Why the global trade finance gap is going to get worse
Trade finance gap totaling US$1.5 trillion is hampering UN SDGs, especially women's empowerment, job creation and inclusive growth
The huge global trade finance gap amounting to US$1.5 trillion is holding back progress toward the UN Sustainable Development Goals, particularly targets relating to women’s empowerment, job creation and inclusive growth amid the ongoing economic uncertainty.
According to the latest Trade Finance Gap, Growth and Job Survey released on September 3 by the Asian Development Bank (ADB), small and medium-sized enterprises (SMEs) face the biggest challenges obtaining trade finance, while companies led by women often face additional barriers.
The survey indicates that the challenges are expected to get worse going forward with around 60% of the respondent banks expecting the trade finance gap to increase over the next two years. This implies, according to ADB, that companies could continue to experience restricted access to trade finance, impeding prospects for economic growth and jobs.
The head of ADB’s trade and supply chain finance Steven Beck describes the huge trade finance gap as a global challenge that shackles economic growth and harms efforts to reduce poverty. “Given the uncertain economic outlook, it is critical that more efficient, stable and sustainable trade finance channels are created to spur global growth and development,” he says.
The ADB survey is based on responses from banks, companies and export credit agencies globally and represents a leading barometer of trade finance health. The report notes that 45% of the trade finance applications by surveyed SMEs are rejected, compared to 39% for mid- and larger-sized firms and 17% for multinational companies.

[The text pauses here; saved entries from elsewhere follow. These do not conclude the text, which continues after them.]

(* Let $S$ be a finite set, $f:S\to\mathbb{R}$ a fitness function to be maximized, $S_{\mathrm{opt}}$ the set of maximizers of $f$ and $S_{\mathrm{non}}=S\setminus S_{\mathrm{opt}}$ (assumed nonempty). Let $s1,\dots,s\kappa$ be mutation operators on $S$ that are mutually complementary on $f$, i.e., writing $\rho_{\min}=\min\{\rho(\mathbf{T}_{s1}),\dots,\rho(\mathbf{T}_{s\kappa})\}$: for every $x\in S_{\mathrm{non}}$ and every $sl\in\{s1,\dots,s\kappa\}$ with $P_{sl}(x,x)\ge\rho_{\min}$, there exists $sk\neq sl$ with $P_{sk}(x,x)<\rho_{\min}$. Then there exists a strategy probability distribution $\mathbf{q}$ over $\{s1,\dots,s\kappa\}$ such that the homogeneous mixed strategy (1+1) EA with distribution $\mathbf{q}$ satisfies, for every $k=1,\dots,\kappa$, $R(\mathbf{T}_{\mathbf{q}})>R(\mathbf{T}_{sk})$ and $T(\mathbf{T}_{\mathbf{q}})<T(\mathbf{T}_{sk})$; i.e. its asymptotic convergence rate is larger and its asymptotic hitting time is shorter than those of any pure strategy EA using one of these mutation operators.
   Context: A mutation operator $s$ on the finite set $S$ is a stochastic matrix $\mathbf{P}_{m,s}=[P_{m,s}(x,y)]_{x,y\in S}$ (probability that mutating $x$ yields $y$). Strict elitist selection between parent $x$ and offspring $y$ keeps $y$ if $f(y)>f(x)$ and keeps $x$ otherwise. The pure strategy (1+1) EA EA($s$) repeatedly mutates the current individual by $s$ and applies strict elitist selection; it is a homogeneous Markov chain on $S$ with transition probabilities $P_s(x,y)=P_{m,s}(x,y)$ if $f(y)>f(x)$, $P_s(x,y)=0$ if $y\neq x$ and $f(y)\le f(x)$, and $P_s(x,x)=1-\sum_{y:\,f(y)>f(x)}P_{m,s}(x,y)$. A (state-dependent) strategy probability distribution over operators $s1,\dots,s\kappa$ is a map $x\mapsto \mathbf{q}(x)=(q_{s1}(x),\dots,q_{s\kappa}(x))$ with $q_{sk}(x)\in[0,1]$ and $\sum_k q_{sk}(x)=1$. The homogeneous mixed strategy (1+1) EA with distribution $\mathbf{q}$ at each generation, with current individual $x$, chooses operator $sk$ with probability $q_{sk}(x)$, mutates $x$ by it, and applies strict elitist selection; its transition matrix is $P_{\mathbf{q}}(x,y)=\sum_{k}q_{sk}(x)P_{sk}(x,y)$. For such an EA with transition matrix $\mathbf{P}$, let $\mathbf{T}$ denote the submatrix $[P(x,y)]_{x,y\in S_{\mathrm{non}}}$ and $\rho(\mathbf{T})$ its spectral radius. The asymptotic convergence rate is $R(\mathbf{T})=-\ln\rho(\mathbf{T})$ (with $-\ln 0=+\infty$). The asymptotic hitting time is $T(\mathbf{T})=\rho((\mathbf{I}-\mathbf{T})^{-1})$ if $\rho(\mathbf{T})<1$ and $T(\mathbf{T})=+\infty$ if $\rho(\mathbf{T})=1$. Subscripts $\mathbf{q}$ and $sk$ indicate the matrices of the mixed strategy EA and of the pure strategy EA($sk$), respectively. *)

theory Defs
  imports Complex_Main "HOL-Library.Extended_Real"
begin

text \<open>The search space S is the finite type 'a (S = UNIV). Matrices over S are
functions 'a \<Rightarrow> 'a \<Rightarrow> real. Mutation operators are indexed by k < \<kappa>.\<close>

definition S_opt :: "('a \<Rightarrow> real) \<Rightarrow> 'a set" where
  "S_opt f = {x. \<forall>y. f y \<le> f x}"

definition S_non :: "('a \<Rightarrow> real) \<Rightarrow> 'a set" where
  "S_non f = UNIV - S_opt f"

definition stochastic :: "('a::finite \<Rightarrow> 'a \<Rightarrow> real) \<Rightarrow> bool" where
  "stochastic P \<longleftrightarrow> (\<forall>x y. 0 \<le> P x y) \<and> (\<forall>x. (\<Sum>y\<in>UNIV. P x y) = 1)"

definition ea_trans :: "('a::finite \<Rightarrow> real) \<Rightarrow> ('a \<Rightarrow> 'a \<Rightarrow> real) \<Rightarrow> 'a \<Rightarrow> 'a \<Rightarrow> real" where
  "ea_trans f Pm x y =
     (if f y > f x then Pm x y
      else if y = x then 1 - (\<Sum>z\<in>{z. f z > f x}. Pm x z)
      else 0)"

definition strategy_distribution :: "nat \<Rightarrow> ('a \<Rightarrow> nat \<Rightarrow> real) \<Rightarrow> bool" where
  "strategy_distribution \<kappa> q \<longleftrightarrow>
     (\<forall>x k. k < \<kappa> \<longrightarrow> 0 \<le> q x k \<and> q x k \<le> 1) \<and> (\<forall>x. (\<Sum>k<\<kappa>. q x k) = 1)"

definition mixed_trans :: "('a::finite \<Rightarrow> real) \<Rightarrow> nat \<Rightarrow> (nat \<Rightarrow> 'a \<Rightarrow> 'a \<Rightarrow> real)
    \<Rightarrow> ('a \<Rightarrow> nat \<Rightarrow> real) \<Rightarrow> 'a \<Rightarrow> 'a \<Rightarrow> real" where
  "mixed_trans f \<kappa> Pm q x y = (\<Sum>k<\<kappa>. q x k * ea_trans f (Pm k) x y)"

definition eigenvalues_on :: "'a set \<Rightarrow> ('a \<Rightarrow> 'a \<Rightarrow> real) \<Rightarrow> complex set" where
  "eigenvalues_on A M = {c. \<exists>v :: 'a \<Rightarrow> complex. (\<exists>i\<in>A. v i \<noteq> 0) \<and>
      (\<forall>i\<in>A. (\<Sum>j\<in>A. complex_of_real (M i j) * v j) = c * v i)}"

definition spectral_radius_on :: "'a set \<Rightarrow> ('a \<Rightarrow> 'a \<Rightarrow> real) \<Rightarrow> real" where
  "spectral_radius_on A M = Max (cmod ` eigenvalues_on A M)"

definition inv_I_minus_on :: "'a set \<Rightarrow> ('a \<Rightarrow> 'a \<Rightarrow> real) \<Rightarrow> 'a \<Rightarrow> 'a \<Rightarrow> real" where
  "inv_I_minus_on A M = (SOME N. \<forall>i\<in>A. \<forall>j\<in>A.
      (\<Sum>l\<in>A. ((if i = l then 1 else 0) - M i l) * N l j) = (if i = j then 1 else 0))"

The rejection rate for women entrepreneurs, meanwhile, is 44% compared to 38% for male-owned firms. Once rejected, the survey says, women-owned companies were less likely to seek alternative finance – whether formal or informal. Providing better access to trade financing for SMEs and businesswomen will not only narrow the gap but also empower them to contribute to inclusive growth and sustainable development.
More than three-quarters of the surveyed banks – or 76% - highlighted the requirements on anti-money laundering (AML) and know-your-customer (KYC) as the biggest barriers to expanding trade finance operations.
This was followed by high transaction costs and/or low fee income (59%), low credit ratings for the country where a firm is located (52%), low credit ratings of banks in developing countries where they act as intermediaries for trade (51%), and low credit ratings of companies (43%). The other barriers were regulatory capital requirements (48%) and global economic uncertainty such as trade tensions (41%).
While the AML and KYC regulations are crucial to ensure the global financial system is not used to fund terrorism or launder money, ADB says they can inadvertently cut off legitimate companies in less developed markets from the financial support they need to grow.
What could help address the widening trade finance gap is the reliance on technology. There is a growing optimism that fintech and digitization are potential solutions to bridge the trade finance gap, particularly among SMEs.
Global banks and large companies have collaborated to pilot information technology solutions to problems such as process inefficiency, costly regulatory compliance, and information asymmetry – all cited in the survey as major contributors to the trade finance gap.
“The gap can be narrowed by leveraging mobile internet access, cryptography, distributed ledger, blockchain technology, artificial intelligence (AI), fintech, digitization as well as big data, which can improve access and reduce the cost of financial services,” says ADB. “Blockchain and AI technology can transform raw data into useful information, helping reduce the number of rejected financing proposals.”
A majority of the banks surveyed are gearing up to service more SMEs through technology by more efficiently processing KYC (79%), deepening their ability to data-map this market segment (73%), developing new products (70%), and possibly helping to reduce their rejection rates (46%).
However, the technology take-up is compromised by high costs and lack of globally established rules and standards for digital finance. As ADB points out, digitizing operations is daunting and expensive for any firm or bank, especially given the ever-changing technical landscape.
Among the companies surveyed that use technology in their operations, the rate of application is limited – less than one-third file documents electronically (26%) and less than one-fifth use e-commerce (15%), cloud computing (14%), analytics (13%), and mobile applications (11%).